(* Let $k \ge 1$ and let $V = L \sqcup R$ be a finite set of nails split into disjoint parts with $|L| = n_1$, $|R| = n_2$. Call an integer $j$ feasible if $\max(0, k - n_2) \le j \le \min(k, n_1)$. For a set $J$ of feasible indices define the function $f_J$ on subsets $S \subseteq V$ by $f_J(S) = \mathsf{fall}$ if there is $j \in J$ with $|S \cap L| \ge j$ and $|S \cap R| \ge k - j$, and $f_J(S) = \mathsf{hang}$ otherwise. Let $J_1, J_2$ be disjoint nonempty sets of feasible indices, and let $S \subseteq V$ satisfy $f_{J_1}(S) = f_{J_2}(S) = \mathsf{hang}$. Then there exists $S'$ with $S \subseteq S' \subseteq V$ and $f_{J_1}(S') \ne f_{J_2}(S')$.
   Context: Nails are elements of a finite set; the outcomes are $\mathsf{hang}$ and $\mathsf{fall}$. *)

theory Defs
  imports Main
begin

datatype outcome = hang | fall

definition feasible :: "nat \<Rightarrow> nat \<Rightarrow> nat \<Rightarrow> int \<Rightarrow> bool" where
  "feasible k n1 n2 j \<longleftrightarrow> max 0 (int k - int n2) \<le> j \<and> j \<le> min (int k) (int n1)"

definition fJ :: "'a set \<Rightarrow> 'a set \<Rightarrow> nat \<Rightarrow> int set \<Rightarrow> 'a set \<Rightarrow> outcome" where
  "fJ L R k J S =
     (if \<exists>j\<in>J. int (card (S \<inter> L)) \<ge> j \<and> int (card (S \<inter> R)) \<ge> int k - j
      then fall else hang)"

end

theory Submission
  imports Defs
begin

text \<open>Let \<open>a = |S \<inter> L|\<close>, \<open>b = |S \<inter> R|\<close> and \<open>J = J\<^sub>1 \<union> J\<^sub>2\<close>. Index \<open>j\<close> is triggered by a
  set with \<open>x\<close> nails in \<open>L\<close> and \<open>y\<close> in \<open>R\<close> iff \<open>j \<le> x\<close> and \<open>k - j \<le> y\<close>. Choose \<open>j \<in> J\<close> as the
  largest index \<open>\<le> a\<close> if there is one, and as \<open>min J\<close> otherwise, and enlarge \<open>S\<close> to a set
  with \<open>max a j\<close> nails in \<open>L\<close> and \<open>max b (k - j)\<close> in \<open>R\<close>. Since no index of \<open>J\<close> was
  triggered by \<open>S\<close>, the new set triggers \<open>j\<close> and no other index of \<open>J\<close>, so exactly one of
  \<open>f\<^bsub>J\<^sub>1\<^esub>\<close>, \<open>f\<^bsub>J\<^sub>2\<^esub>\<close> falls on it.\<close>

lemma fJ_eq_fall_iff:
  "fJ L R k J S = fall \<longleftrightarrow>
     (\<exists>j\<in>J. j \<le> int (card (S \<inter> L)) \<and> int k - j \<le> int (card (S \<inter> R)))"
  by (simp add: fJ_def)

lemma finite_feasible: "finite {j. feasible k n1 n2 j}"
  by (rule finite_subset[of _ "{0..int k}"]) (auto simp: feasible_def)

lemma exists_uniquely_triggered_index:
  fixes J :: "int set" and a b k :: int
  assumes "finite J" "J \<noteq> {}" and untriggered: "\<forall>j\<in>J. \<not> (j \<le> a \<and> k - j \<le> b)"
  shows "\<exists>j\<in>J. \<forall>j'\<in>J. j' \<le> max a j \<and> k - j' \<le> max b (k - j) \<longrightarrow> j' = j"
proof (cases "\<exists>j\<in>J. j \<le> a")
  case True
  define j where "j = Max {j\<in>J. j \<le> a}"
  have fin: "finite {j\<in>J. j \<le> a}" using assms(1) by simp
  have j: "j \<in> J" "j \<le> a"
    using Max_in[OF fin] True unfolding j_def by auto
  have j_greatest: "j' \<le> j" if "j' \<in> J" "j' \<le> a" for j'
    using fin that unfolding j_def by auto
  show ?thesis
  proof (intro bexI[OF _ \<open>j \<in> J\<close>] ballI impI)
    fix j' assume j': "j' \<in> J" "j' \<le> max a j \<and> k - j' \<le> max b (k - j)"
    then have "j' \<le> a" using j by simp
    with j' untriggered have "k - j' \<le> k - j" by force
    with j_greatest j' \<open>j' \<le> a\<close> show "j' = j" by force
  qed
next
  case False
  define j where "j = Min J"
  have j: "j \<in> J" unfolding j_def using Min_in[OF assms(1,2)] .
  show ?thesis
  proof (intro bexI[OF _ j] ballI impI)
    fix j' assume j': "j' \<in> J" "j' \<le> max a j \<and> k - j' \<le> max b (k - j)"
    have "a < j" using False j by auto
    with j' have "j' \<le> j" by simp
    moreover have "j \<le> j'" using assms(1) j' unfolding j_def by simp
    ultimately show "j' = j" by simp
  qed
qed

lemma exists_superset_with_part_cards:
  assumes "finite L" "finite R" "L \<inter> R = {}" "S \<subseteq> L \<union> R"
    and "card (S \<inter> L) \<le> x" "x \<le> card L" "card (S \<inter> R) \<le> y" "y \<le> card R"
  obtains S' where "S \<subseteq> S'" "S' \<subseteq> L \<union> R" "card (S' \<inter> L) = x" "card (S' \<inter> R) = y"
proof -
  obtain CL where CL: "S \<inter> L \<subseteq> CL" "CL \<subseteq> L" "card CL = x"
    using exists_subset_between[of "S \<inter> L" x L] assms by auto
  obtain CR where CR: "S \<inter> R \<subseteq> CR" "CR \<subseteq> R" "card CR = y"
    using exists_subset_between[of "S \<inter> R" y R] assms by auto
  have "(CL \<union> CR) \<inter> L = CL" "(CL \<union> CR) \<inter> R = CR"
    using CL CR assms(3) by auto
  moreover have "S \<subseteq> CL \<union> CR" "CL \<union> CR \<subseteq> L \<union> R"
    using CL CR assms(4) by auto
  ultimately show thesis
    using that CL(3) CR(3) by simp
qed

lemma exists_superset_triggering_single_index:
  assumes "finite L" "finite R" "L \<inter> R = {}" "S \<subseteq> L \<union> R"
    and "J \<noteq> {}" "\<forall>j\<in>J. feasible k (card L) (card R) j" "fJ L R k J S = hang"
  obtains S' j where "S \<subseteq> S'" "S' \<subseteq> L \<union> R" "j \<in> J"
    "\<And>J'. J' \<subseteq> J \<Longrightarrow> fJ L R k J' S' = fall \<longleftrightarrow> j \<in> J'"
proof -
  define a where "a = int (card (S \<inter> L))"
  define b where "b = int (card (S \<inter> R))"
  have "finite J"
    by (rule finite_subset[OF _ finite_feasible]) (use assms(6) in blast)
  moreover have "\<forall>j\<in>J. \<not> (j \<le> a \<and> int k - j \<le> b)"
    using assms(7) fJ_eq_fall_iff[of L R k J S] unfolding a_def b_def by auto
  ultimately obtain j where "j \<in> J" and unique:
    "\<forall>j'\<in>J. j' \<le> max a j \<and> int k - j' \<le> max b (int k - j) \<longrightarrow> j' = j"
    using exists_uniquely_triggered_index[OF _ assms(5)] by blast
  have j: "0 \<le> j" "j \<le> int (card L)" "int k - j \<le> int (card R)" "j \<le> int k"
    using assms(6) \<open>j \<in> J\<close> unfolding feasible_def by auto
  have "card (S \<inter> L) \<le> card L" "card (S \<inter> R) \<le> card R"
    using assms(1,2) by (simp_all add: card_mono)
  then have "card (S \<inter> L) \<le> nat (max a j)" "nat (max a j) \<le> card L"
    "card (S \<inter> R) \<le> nat (max b (int k - j))" "nat (max b (int k - j)) \<le> card R"
    using j unfolding a_def b_def by auto
  then obtain S' where S': "S \<subseteq> S'" "S' \<subseteq> L \<union> R"
    "card (S' \<inter> L) = nat (max a j)" "card (S' \<inter> R) = nat (max b (int k - j))"
    by (rule exists_superset_with_part_cards[OF assms(1-4)])
  have "fJ L R k J' S' = fall \<longleftrightarrow> j \<in> J'" if "J' \<subseteq> J" for J'
  proof -
    have "int (card (S' \<inter> L)) = max a j" "int (card (S' \<inter> R)) = max b (int k - j)"
      using S'(3,4) j unfolding a_def b_def by auto
    then show ?thesis
      unfolding fJ_eq_fall_iff using unique that by (auto intro!: bexI[of _ j])
  qed
  with S'(1,2) \<open>j \<in> J\<close> show thesis using that by blast
qed

theorem lemma3:
  fixes L R S :: "'a set" and k :: nat and J1 J2 :: "int set"
  assumes "k \<ge> 1"
    and "finite L" and "finite R" and "L \<inter> R = {}"
    and "\<forall>j\<in>J1. feasible k (card L) (card R) j"
    and "\<forall>j\<in>J2. feasible k (card L) (card R) j"
    and "J1 \<inter> J2 = {}" and "J1 \<noteq> {}" and "J2 \<noteq> {}"
    and "S \<subseteq> L \<union> R"
    and "fJ L R k J1 S = hang" and "fJ L R k J2 S = hang"
  shows "\<exists>S'. S \<subseteq> S' \<and> S' \<subseteq> L \<union> R \<and> fJ L R k J1 S' \<noteq> fJ L R k J2 S'"
proof -
  have "fJ L R k (J1 \<union> J2) S = hang"
    using assms(11,12) by (auto simp: fJ_def split: if_splits)
  then obtain S' j where S': "S \<subseteq> S'" "S' \<subseteq> L \<union> R" and "j \<in> J1 \<union> J2"
    and triggers: "\<And>J'. J' \<subseteq> J1 \<union> J2 \<Longrightarrow> fJ L R k J' S' = fall \<longleftrightarrow> j \<in> J'"
    using exists_superset_triggering_single_index[OF assms(2-4,10), of "J1 \<union> J2" k]
      assms(5,6,8) by blast
  have "fJ L R k J1 S' \<noteq> fJ L R k J2 S'"
    using triggers[of J1] triggers[of J2] \<open>j \<in> J1 \<union> J2\<close> assms(7) by auto
  with S' show ?thesis by blast
qed

end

◆ **Task**
Count how many lines in the records hold the string "there"; reply with the number alone.

◆ **Task result**
2